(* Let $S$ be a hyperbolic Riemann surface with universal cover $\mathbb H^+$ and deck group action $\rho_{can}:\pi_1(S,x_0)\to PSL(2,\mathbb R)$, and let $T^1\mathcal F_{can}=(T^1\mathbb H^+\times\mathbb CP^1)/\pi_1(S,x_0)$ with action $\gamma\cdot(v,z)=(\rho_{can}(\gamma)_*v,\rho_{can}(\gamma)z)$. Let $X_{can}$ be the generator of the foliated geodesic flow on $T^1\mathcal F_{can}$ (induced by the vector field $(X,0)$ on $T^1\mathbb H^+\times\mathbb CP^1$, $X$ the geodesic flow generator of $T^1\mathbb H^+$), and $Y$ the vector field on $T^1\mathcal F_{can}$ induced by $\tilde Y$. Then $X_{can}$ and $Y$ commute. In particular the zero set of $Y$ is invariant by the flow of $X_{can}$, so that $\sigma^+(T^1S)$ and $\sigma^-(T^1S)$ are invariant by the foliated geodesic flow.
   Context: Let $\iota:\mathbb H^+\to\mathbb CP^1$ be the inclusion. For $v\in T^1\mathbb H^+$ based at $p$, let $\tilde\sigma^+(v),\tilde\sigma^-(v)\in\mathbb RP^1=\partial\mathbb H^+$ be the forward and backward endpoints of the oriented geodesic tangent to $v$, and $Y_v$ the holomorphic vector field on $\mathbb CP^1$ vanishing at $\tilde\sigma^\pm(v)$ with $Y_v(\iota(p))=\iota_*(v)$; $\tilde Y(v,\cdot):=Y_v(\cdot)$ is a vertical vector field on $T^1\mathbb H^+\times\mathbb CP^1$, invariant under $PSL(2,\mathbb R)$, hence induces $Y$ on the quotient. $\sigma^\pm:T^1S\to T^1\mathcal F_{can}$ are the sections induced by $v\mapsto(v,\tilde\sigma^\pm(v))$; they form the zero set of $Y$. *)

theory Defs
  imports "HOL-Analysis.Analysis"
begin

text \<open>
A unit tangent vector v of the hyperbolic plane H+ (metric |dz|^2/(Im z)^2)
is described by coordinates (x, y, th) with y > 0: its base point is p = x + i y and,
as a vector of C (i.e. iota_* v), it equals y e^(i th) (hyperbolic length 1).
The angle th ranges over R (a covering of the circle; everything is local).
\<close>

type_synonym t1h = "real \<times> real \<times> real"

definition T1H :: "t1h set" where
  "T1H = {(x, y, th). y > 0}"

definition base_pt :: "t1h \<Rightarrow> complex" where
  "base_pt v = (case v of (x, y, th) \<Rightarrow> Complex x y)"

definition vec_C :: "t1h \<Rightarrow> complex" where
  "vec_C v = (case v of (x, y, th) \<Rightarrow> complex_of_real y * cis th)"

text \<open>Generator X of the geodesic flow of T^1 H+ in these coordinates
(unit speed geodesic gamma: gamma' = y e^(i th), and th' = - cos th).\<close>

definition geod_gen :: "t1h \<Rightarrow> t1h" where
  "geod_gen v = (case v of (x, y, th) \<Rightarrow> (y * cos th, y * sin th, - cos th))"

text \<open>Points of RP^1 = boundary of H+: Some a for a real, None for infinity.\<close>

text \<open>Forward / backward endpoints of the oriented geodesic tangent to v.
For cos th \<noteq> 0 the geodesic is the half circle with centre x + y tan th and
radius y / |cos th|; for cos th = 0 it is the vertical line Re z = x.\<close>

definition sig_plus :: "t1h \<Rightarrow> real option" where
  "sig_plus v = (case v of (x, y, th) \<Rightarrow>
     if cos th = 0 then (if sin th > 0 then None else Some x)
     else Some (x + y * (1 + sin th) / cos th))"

■ ■ ■

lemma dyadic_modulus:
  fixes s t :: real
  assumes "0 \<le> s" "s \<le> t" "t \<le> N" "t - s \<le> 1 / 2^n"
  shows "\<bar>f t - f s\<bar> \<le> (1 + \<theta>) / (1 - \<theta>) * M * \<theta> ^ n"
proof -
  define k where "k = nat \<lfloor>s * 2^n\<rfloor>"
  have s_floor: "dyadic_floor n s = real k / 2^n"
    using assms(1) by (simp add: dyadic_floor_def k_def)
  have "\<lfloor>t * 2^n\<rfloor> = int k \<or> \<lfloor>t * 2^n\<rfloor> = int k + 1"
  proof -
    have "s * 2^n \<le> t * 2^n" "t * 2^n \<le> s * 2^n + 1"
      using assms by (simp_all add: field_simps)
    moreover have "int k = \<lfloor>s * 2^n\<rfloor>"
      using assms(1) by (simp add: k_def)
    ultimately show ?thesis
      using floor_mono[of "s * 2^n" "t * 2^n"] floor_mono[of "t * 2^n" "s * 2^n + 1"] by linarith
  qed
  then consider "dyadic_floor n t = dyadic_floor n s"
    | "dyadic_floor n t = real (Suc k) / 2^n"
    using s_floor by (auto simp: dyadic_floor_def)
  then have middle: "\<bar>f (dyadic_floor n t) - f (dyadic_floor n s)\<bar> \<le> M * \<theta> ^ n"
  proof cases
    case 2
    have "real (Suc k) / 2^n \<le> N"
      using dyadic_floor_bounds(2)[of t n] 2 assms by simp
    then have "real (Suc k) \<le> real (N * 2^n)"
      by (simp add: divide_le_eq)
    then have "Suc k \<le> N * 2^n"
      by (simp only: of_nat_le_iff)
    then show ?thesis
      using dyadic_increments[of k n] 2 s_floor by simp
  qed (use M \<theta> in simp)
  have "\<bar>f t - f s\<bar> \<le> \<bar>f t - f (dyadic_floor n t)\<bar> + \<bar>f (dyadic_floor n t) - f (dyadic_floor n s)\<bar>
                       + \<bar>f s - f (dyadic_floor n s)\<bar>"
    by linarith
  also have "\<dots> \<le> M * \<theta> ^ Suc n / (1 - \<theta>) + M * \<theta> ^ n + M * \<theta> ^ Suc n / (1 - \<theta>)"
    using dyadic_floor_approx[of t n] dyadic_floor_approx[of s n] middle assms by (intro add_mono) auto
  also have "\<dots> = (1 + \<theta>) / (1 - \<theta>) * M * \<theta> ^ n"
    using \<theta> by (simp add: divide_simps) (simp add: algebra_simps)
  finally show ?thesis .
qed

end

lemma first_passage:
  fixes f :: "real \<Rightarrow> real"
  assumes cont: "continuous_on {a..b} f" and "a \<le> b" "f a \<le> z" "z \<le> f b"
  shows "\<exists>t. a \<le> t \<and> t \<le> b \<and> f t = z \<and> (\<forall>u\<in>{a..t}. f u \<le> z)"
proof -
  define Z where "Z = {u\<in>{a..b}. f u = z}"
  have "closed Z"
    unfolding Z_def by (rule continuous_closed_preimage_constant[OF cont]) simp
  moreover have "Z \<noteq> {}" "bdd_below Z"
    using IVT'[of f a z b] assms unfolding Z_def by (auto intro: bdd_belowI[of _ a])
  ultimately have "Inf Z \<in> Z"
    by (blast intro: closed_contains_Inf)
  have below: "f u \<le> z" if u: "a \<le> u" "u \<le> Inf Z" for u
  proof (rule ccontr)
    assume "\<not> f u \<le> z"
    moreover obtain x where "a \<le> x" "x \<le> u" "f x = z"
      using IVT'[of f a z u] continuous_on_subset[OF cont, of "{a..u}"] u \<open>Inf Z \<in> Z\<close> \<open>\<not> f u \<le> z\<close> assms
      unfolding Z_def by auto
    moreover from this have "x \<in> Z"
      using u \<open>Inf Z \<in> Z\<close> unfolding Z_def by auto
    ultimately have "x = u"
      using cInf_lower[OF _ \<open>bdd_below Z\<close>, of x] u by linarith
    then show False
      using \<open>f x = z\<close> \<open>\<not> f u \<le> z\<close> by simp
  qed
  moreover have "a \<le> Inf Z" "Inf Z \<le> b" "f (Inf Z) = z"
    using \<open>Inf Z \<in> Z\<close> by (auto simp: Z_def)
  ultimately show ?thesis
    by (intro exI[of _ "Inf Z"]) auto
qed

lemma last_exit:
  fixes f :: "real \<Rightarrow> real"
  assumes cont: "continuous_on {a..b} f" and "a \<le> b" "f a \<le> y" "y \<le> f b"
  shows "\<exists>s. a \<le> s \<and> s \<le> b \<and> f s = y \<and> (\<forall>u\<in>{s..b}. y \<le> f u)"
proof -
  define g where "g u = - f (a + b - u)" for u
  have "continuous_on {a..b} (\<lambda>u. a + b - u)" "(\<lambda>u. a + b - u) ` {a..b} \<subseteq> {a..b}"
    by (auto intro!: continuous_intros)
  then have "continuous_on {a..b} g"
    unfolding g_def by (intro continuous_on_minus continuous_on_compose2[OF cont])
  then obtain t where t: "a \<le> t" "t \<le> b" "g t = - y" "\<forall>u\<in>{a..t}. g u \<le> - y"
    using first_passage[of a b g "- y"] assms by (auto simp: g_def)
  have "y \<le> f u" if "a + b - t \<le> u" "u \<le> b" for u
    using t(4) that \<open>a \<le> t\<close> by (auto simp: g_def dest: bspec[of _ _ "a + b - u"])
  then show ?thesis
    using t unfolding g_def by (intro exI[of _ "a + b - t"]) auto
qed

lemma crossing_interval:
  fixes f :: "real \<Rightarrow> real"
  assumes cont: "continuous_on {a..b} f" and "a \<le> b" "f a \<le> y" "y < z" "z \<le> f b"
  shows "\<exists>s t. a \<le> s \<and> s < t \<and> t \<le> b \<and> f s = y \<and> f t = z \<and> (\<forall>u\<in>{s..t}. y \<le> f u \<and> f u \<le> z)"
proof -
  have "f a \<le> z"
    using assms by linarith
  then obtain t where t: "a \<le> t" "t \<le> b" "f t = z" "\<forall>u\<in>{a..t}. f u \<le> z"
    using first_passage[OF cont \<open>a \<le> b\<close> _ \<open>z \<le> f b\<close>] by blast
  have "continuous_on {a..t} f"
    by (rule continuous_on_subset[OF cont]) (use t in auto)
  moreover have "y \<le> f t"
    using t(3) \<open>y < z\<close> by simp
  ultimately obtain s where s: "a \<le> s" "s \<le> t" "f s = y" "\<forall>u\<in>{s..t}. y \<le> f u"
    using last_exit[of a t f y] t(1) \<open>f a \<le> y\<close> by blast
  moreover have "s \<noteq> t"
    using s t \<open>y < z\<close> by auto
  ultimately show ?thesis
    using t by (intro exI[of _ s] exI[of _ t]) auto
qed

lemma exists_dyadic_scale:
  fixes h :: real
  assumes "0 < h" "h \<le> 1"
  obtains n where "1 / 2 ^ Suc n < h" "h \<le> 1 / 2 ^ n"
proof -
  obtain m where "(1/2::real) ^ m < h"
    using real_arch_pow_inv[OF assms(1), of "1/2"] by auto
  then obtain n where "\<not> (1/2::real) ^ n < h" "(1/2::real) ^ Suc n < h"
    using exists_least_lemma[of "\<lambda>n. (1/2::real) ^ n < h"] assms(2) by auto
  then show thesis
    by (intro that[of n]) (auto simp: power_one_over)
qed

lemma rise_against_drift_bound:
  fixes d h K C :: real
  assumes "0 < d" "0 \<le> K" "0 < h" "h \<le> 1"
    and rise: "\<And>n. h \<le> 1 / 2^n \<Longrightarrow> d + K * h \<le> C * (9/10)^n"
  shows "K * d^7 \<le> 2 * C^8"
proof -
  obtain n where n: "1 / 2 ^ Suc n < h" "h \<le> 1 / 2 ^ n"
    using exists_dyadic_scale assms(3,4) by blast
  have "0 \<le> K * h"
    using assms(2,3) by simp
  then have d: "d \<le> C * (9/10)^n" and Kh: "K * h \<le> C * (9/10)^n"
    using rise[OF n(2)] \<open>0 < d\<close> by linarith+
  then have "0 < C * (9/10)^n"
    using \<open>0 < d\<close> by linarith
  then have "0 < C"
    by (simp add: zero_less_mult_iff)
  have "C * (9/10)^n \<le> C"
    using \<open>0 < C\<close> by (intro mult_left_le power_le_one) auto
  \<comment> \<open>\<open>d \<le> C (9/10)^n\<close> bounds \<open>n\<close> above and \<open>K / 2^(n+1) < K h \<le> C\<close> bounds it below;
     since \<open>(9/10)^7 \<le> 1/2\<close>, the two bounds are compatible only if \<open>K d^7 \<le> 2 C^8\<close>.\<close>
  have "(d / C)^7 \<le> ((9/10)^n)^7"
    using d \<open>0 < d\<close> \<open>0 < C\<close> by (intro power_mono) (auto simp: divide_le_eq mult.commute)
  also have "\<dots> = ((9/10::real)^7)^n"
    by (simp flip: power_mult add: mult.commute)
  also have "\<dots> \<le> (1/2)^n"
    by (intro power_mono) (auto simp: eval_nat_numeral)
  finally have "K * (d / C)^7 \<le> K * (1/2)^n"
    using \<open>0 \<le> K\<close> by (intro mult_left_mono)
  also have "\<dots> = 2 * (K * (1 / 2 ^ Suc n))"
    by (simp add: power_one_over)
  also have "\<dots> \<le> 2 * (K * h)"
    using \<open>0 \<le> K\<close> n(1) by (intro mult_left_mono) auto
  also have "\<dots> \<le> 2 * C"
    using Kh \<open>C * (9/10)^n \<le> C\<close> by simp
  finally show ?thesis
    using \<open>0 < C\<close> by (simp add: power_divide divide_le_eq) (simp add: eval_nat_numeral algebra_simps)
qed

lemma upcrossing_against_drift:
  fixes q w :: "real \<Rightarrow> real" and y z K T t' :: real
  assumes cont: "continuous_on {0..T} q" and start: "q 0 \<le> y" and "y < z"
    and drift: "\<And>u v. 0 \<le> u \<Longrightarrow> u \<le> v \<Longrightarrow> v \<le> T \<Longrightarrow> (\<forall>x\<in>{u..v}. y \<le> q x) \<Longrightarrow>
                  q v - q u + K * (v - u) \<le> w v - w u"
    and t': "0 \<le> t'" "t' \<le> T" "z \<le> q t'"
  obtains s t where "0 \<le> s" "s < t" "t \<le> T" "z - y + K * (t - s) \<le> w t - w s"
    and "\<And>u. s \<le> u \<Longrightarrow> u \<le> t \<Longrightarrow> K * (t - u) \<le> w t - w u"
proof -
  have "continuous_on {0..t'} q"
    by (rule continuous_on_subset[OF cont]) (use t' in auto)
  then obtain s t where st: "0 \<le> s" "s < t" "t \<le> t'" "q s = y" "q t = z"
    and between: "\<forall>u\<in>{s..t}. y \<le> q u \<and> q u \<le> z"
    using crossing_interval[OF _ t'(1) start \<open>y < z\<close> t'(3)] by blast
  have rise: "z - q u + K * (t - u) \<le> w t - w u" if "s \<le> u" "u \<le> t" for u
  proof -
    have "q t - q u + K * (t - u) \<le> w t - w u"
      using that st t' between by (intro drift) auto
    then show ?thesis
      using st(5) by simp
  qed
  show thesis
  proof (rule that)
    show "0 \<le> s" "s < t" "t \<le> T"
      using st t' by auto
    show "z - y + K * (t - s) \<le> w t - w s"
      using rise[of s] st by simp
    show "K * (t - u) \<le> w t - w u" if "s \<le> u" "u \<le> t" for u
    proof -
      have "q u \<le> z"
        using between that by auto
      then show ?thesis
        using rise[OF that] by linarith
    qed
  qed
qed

■ ■ ■

What you should do: Begin with the line above that has "using t(3) \<open>y < z\<close> by simp" and continue through the line that has "then show thesis", setting each one down exactly. Stop there.

Solution for this task:
    using t(3) \<open>y < z\<close> by simp
  ultimately obtain s where s: "a \<le> s" "s \<le> t" "f s = y" "\<forall>u\<in>{s..t}. y \<le> f u"
    using last_exit[of a t f y] t(1) \<open>f a \<le> y\<close> by blast
  moreover have "s \<noteq> t"
    using s t \<open>y < z\<close> by auto
  ultimately show ?thesis
    using t by (intro exI[of _ s] exI[of _ t]) auto
qed

lemma exists_dyadic_scale:
  fixes h :: real
  assumes "0 < h" "h \<le> 1"
  obtains n where "1 / 2 ^ Suc n < h" "h \<le> 1 / 2 ^ n"
proof -
  obtain m where "(1/2::real) ^ m < h"
    using real_arch_pow_inv[OF assms(1), of "1/2"] by auto
  then obtain n where "\<not> (1/2::real) ^ n < h" "(1/2::real) ^ Suc n < h"
    using exists_least_lemma[of "\<lambda>n. (1/2::real) ^ n < h"] assms(2) by auto
  then show thesis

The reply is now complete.